Each record must reappear in the answer exactly as it is written.

• • • •

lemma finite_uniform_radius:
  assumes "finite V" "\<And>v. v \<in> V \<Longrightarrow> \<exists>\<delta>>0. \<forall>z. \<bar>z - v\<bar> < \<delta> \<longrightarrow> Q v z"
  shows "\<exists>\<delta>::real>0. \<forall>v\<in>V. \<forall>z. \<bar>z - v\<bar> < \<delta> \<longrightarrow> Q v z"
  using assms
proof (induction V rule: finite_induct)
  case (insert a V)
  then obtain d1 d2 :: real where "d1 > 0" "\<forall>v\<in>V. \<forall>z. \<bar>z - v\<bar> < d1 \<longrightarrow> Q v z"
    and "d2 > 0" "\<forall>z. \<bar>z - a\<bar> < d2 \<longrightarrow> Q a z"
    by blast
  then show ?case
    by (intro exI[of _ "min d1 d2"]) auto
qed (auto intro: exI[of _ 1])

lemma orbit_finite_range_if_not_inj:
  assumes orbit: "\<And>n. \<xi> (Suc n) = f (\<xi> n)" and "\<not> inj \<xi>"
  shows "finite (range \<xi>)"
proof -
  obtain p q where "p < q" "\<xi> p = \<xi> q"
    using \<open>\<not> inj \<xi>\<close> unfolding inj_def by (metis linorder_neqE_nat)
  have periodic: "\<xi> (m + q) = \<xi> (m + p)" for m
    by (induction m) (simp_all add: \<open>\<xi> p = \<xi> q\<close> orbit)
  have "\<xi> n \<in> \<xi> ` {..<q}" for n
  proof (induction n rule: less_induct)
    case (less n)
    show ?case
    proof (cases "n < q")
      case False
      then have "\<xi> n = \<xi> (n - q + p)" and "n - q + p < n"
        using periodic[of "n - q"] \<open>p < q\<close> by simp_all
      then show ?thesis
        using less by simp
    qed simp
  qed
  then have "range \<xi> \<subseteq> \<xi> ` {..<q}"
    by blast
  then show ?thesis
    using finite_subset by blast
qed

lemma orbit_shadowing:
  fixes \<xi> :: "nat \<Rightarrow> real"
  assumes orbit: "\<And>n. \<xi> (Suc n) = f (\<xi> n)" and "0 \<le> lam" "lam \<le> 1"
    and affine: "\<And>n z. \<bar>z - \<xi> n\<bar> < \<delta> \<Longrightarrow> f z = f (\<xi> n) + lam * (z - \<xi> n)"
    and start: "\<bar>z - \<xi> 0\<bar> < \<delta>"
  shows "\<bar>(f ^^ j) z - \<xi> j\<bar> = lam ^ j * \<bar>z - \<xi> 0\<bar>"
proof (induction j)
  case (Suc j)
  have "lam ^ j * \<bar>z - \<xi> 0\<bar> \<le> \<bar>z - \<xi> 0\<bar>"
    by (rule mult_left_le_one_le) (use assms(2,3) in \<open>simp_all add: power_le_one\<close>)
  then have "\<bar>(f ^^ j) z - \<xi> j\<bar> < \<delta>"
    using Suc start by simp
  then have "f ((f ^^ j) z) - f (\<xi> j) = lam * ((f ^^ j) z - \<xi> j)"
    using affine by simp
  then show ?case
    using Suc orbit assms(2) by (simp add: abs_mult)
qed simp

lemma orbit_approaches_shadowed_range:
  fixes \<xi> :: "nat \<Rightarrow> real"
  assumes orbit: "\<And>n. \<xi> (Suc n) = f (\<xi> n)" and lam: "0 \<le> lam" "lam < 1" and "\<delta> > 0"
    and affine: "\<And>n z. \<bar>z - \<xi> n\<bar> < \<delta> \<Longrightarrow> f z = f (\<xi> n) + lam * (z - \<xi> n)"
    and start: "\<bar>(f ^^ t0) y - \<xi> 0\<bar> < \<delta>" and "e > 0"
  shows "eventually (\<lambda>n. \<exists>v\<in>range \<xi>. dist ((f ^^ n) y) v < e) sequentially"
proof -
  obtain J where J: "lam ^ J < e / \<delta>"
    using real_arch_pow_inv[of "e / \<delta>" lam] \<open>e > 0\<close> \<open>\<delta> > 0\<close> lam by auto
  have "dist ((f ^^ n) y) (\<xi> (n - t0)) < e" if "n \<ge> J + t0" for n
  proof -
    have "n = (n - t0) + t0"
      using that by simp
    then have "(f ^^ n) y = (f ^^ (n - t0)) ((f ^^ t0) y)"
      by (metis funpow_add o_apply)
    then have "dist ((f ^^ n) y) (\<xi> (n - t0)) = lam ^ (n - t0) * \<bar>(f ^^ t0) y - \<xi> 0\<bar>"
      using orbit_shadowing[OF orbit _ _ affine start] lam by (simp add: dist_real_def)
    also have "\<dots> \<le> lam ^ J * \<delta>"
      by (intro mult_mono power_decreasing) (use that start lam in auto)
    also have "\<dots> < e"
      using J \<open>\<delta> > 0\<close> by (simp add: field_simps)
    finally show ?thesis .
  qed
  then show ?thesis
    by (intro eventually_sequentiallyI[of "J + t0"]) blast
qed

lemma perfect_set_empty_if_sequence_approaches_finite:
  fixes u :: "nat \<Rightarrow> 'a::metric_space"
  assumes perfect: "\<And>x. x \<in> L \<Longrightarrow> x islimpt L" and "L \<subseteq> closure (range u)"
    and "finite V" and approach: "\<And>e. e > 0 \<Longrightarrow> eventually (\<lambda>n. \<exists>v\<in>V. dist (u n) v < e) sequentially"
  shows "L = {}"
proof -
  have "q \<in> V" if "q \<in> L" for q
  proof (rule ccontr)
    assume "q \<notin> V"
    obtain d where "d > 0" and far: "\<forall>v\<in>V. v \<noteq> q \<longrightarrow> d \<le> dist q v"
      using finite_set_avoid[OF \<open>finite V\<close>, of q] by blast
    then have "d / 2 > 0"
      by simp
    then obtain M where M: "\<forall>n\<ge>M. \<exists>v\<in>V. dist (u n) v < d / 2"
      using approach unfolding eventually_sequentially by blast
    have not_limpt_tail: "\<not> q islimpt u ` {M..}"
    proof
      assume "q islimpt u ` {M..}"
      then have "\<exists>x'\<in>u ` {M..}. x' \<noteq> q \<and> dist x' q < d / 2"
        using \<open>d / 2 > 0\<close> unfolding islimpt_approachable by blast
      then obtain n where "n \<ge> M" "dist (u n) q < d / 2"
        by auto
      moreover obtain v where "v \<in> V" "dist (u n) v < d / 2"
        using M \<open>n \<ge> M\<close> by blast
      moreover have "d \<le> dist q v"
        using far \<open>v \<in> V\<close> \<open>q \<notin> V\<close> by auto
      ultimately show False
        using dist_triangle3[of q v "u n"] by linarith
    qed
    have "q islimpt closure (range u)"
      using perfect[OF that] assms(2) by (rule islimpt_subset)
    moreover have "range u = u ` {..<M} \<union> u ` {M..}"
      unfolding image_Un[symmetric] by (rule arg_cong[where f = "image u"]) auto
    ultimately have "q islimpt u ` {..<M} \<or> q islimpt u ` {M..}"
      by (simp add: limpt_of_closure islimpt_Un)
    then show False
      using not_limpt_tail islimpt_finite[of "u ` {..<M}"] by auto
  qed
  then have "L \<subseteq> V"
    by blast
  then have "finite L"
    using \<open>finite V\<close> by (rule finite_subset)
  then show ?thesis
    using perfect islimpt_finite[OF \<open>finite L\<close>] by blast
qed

• • • •

- [SOLUTION]
lemma finite_uniform_radius:
  assumes "finite V" "\<And>v. v \<in> V \<Longrightarrow> \<exists>\<delta>>0. \<forall>z. \<bar>z - v\<bar> < \<delta> \<longrightarrow> Q v z"
  shows "\<exists>\<delta>::real>0. \<forall>v\<in>V. \<forall>z. \<bar>z - v\<bar> < \<delta> \<longrightarrow> Q v z"
  using assms
proof (induction V rule: finite_induct)
  case (insert a V)
  then obtain d1 d2 :: real where "d1 > 0" "\<forall>v\<in>V. \<forall>z. \<bar>z - v\<bar> < d1 \<longrightarrow> Q v z"
    and "d2 > 0" "\<forall>z. \<bar>z - a\<bar> < d2 \<longrightarrow> Q a z"
    by blast
  then show ?case
    by (intro exI[of _ "min d1 d2"]) auto
qed (auto intro: exI[of _ 1])

lemma orbit_finite_range_if_not_inj:
  assumes orbit: "\<And>n. \<xi> (Suc n) = f (\<xi> n)" and "\<not> inj \<xi>"
  shows "finite (range \<xi>)"
proof -
  obtain p q where "p < q" "\<xi> p = \<xi> q"
    using \<open>\<not> inj \<xi>\<close> unfolding inj_def by (metis linorder_neqE_nat)
  have periodic: "\<xi> (m + q) = \<xi> (m + p)" for m
    by (induction m) (simp_all add: \<open>\<xi> p = \<xi> q\<close> orbit)
  have "\<xi> n \<in> \<xi> ` {..<q}" for n
  proof (induction n rule: less_induct)
    case (less n)
    show ?case
    proof (cases "n < q")
      case False
      then have "\<xi> n = \<xi> (n - q + p)" and "n - q + p < n"
        using periodic[of "n - q"] \<open>p < q\<close> by simp_all
      then show ?thesis
        using less by simp
    qed simp
  qed
  then have "range \<xi> \<subseteq> \<xi> ` {..<q}"
    by blast
  then show ?thesis
    using finite_subset by blast
qed

lemma orbit_shadowing:
  fixes \<xi> :: "nat \<Rightarrow> real"
  assumes orbit: "\<And>n. \<xi> (Suc n) = f (\<xi> n)" and "0 \<le> lam" "lam \<le> 1"
    and affine: "\<And>n z. \<bar>z - \<xi> n\<bar> < \<delta> \<Longrightarrow> f z = f (\<xi> n) + lam * (z - \<xi> n)"
    and start: "\<bar>z - \<xi> 0\<bar> < \<delta>"
  shows "\<bar>(f ^^ j) z - \<xi> j\<bar> = lam ^ j * \<bar>z - \<xi> 0\<bar>"
proof (induction j)
  case (Suc j)
  have "lam ^ j * \<bar>z - \<xi> 0\<bar> \<le> \<bar>z - \<xi> 0\<bar>"
    by (rule mult_left_le_one_le) (use assms(2,3) in \<open>simp_all add: power_le_one\<close>)
  then have "\<bar>(f ^^ j) z - \<xi> j\<bar> < \<delta>"
    using Suc start by simp
  then have "f ((f ^^ j) z) - f (\<xi> j) = lam * ((f ^^ j) z - \<xi> j)"
    using affine by simp
  then show ?case
    using Suc orbit assms(2) by (simp add: abs_mult)
qed simp

lemma orbit_approaches_shadowed_range:
  fixes \<xi> :: "nat \<Rightarrow> real"
  assumes orbit: "\<And>n. \<xi> (Suc n) = f (\<xi> n)" and lam: "0 \<le> lam" "lam < 1" and "\<delta> > 0"
    and affine: "\<And>n z. \<bar>z - \<xi> n\<bar> < \<delta> \<Longrightarrow> f z = f (\<xi> n) + lam * (z - \<xi> n)"
    and start: "\<bar>(f ^^ t0) y - \<xi> 0\<bar> < \<delta>" and "e > 0"
  shows "eventually (\<lambda>n. \<exists>v\<in>range \<xi>. dist ((f ^^ n) y) v < e) sequentially"
proof -
  obtain J where J: "lam ^ J < e / \<delta>"
    using real_arch_pow_inv[of "e / \<delta>" lam] \<open>e > 0\<close> \<open>\<delta> > 0\<close> lam by auto
  have "dist ((f ^^ n) y) (\<xi> (n - t0)) < e" if "n \<ge> J + t0" for n
  proof -
    have "n = (n - t0) + t0"
      using that by simp
    then have "(f ^^ n) y = (f ^^ (n - t0)) ((f ^^ t0) y)"
      by (metis funpow_add o_apply)
    then have "dist ((f ^^ n) y) (\<xi> (n - t0)) = lam ^ (n - t0) * \<bar>(f ^^ t0) y - \<xi> 0\<bar>"
      using orbit_shadowing[OF orbit _ _ affine start] lam by (simp add: dist_real_def)
    also have "\<dots> \<le> lam ^ J * \<delta>"
      by (intro mult_mono power_decreasing) (use that start lam in auto)
    also have "\<dots> < e"
      using J \<open>\<delta> > 0\<close> by (simp add: field_simps)
    finally show ?thesis .
  qed
  then show ?thesis
    by (intro eventually_sequentiallyI[of "J + t0"]) blast
qed

lemma perfect_set_empty_if_sequence_approaches_finite:
  fixes u :: "nat \<Rightarrow> 'a::metric_space"
  assumes perfect: "\<And>x. x \<in> L \<Longrightarrow> x islimpt L" and "L \<subseteq> closure (range u)"
    and "finite V" and approach: "\<And>e. e > 0 \<Longrightarrow> eventually (\<lambda>n. \<exists>v\<in>V. dist (u n) v < e) sequentially"
  shows "L = {}"
proof -
  have "q \<in> V" if "q \<in> L" for q
  proof (rule ccontr)
    assume "q \<notin> V"
    obtain d where "d > 0" and far: "\<forall>v\<in>V. v \<noteq> q \<longrightarrow> d \<le> dist q v"
      using finite_set_avoid[OF \<open>finite V\<close>, of q] by blast
    then have "d / 2 > 0"
      by simp
    then obtain M where M: "\<forall>n\<ge>M. \<exists>v\<in>V. dist (u n) v < d / 2"
      using approach unfolding eventually_sequentially by blast
    have not_limpt_tail: "\<not> q islimpt u ` {M..}"
    proof
      assume "q islimpt u ` {M..}"
      then have "\<exists>x'\<in>u ` {M..}. x' \<noteq> q \<and> dist x' q < d / 2"
        using \<open>d / 2 > 0\<close> unfolding islimpt_approachable by blast
      then obtain n where "n \<ge> M" "dist (u n) q < d / 2"
        by auto
      moreover obtain v where "v \<in> V" "dist (u n) v < d / 2"
        using M \<open>n \<ge> M\<close> by blast
      moreover have "d \<le> dist q v"
        using far \<open>v \<in> V\<close> \<open>q \<notin> V\<close> by auto
      ultimately show False
        using dist_triangle3[of q v "u n"] by linarith
    qed
    have "q islimpt closure (range u)"
      using perfect[OF that] assms(2) by (rule islimpt_subset)
    moreover have "range u = u ` {..<M} \<union> u ` {M..}"
      unfolding image_Un[symmetric] by (rule arg_cong[where f = "image u"]) auto
    ultimately have "q islimpt u ` {..<M} \<or> q islimpt u ` {M..}"
      by (simp add: limpt_of_closure islimpt_Un)
    then show False
      using not_limpt_tail islimpt_finite[of "u ` {..<M}"] by auto
  qed
  then have "L \<subseteq> V"
    by blast
  then have "finite L"
    using \<open>finite V\<close> by (rule finite_subset)
  then show ?thesis
    using perfect islimpt_finite[OF \<open>finite L\<close>] by blast
qed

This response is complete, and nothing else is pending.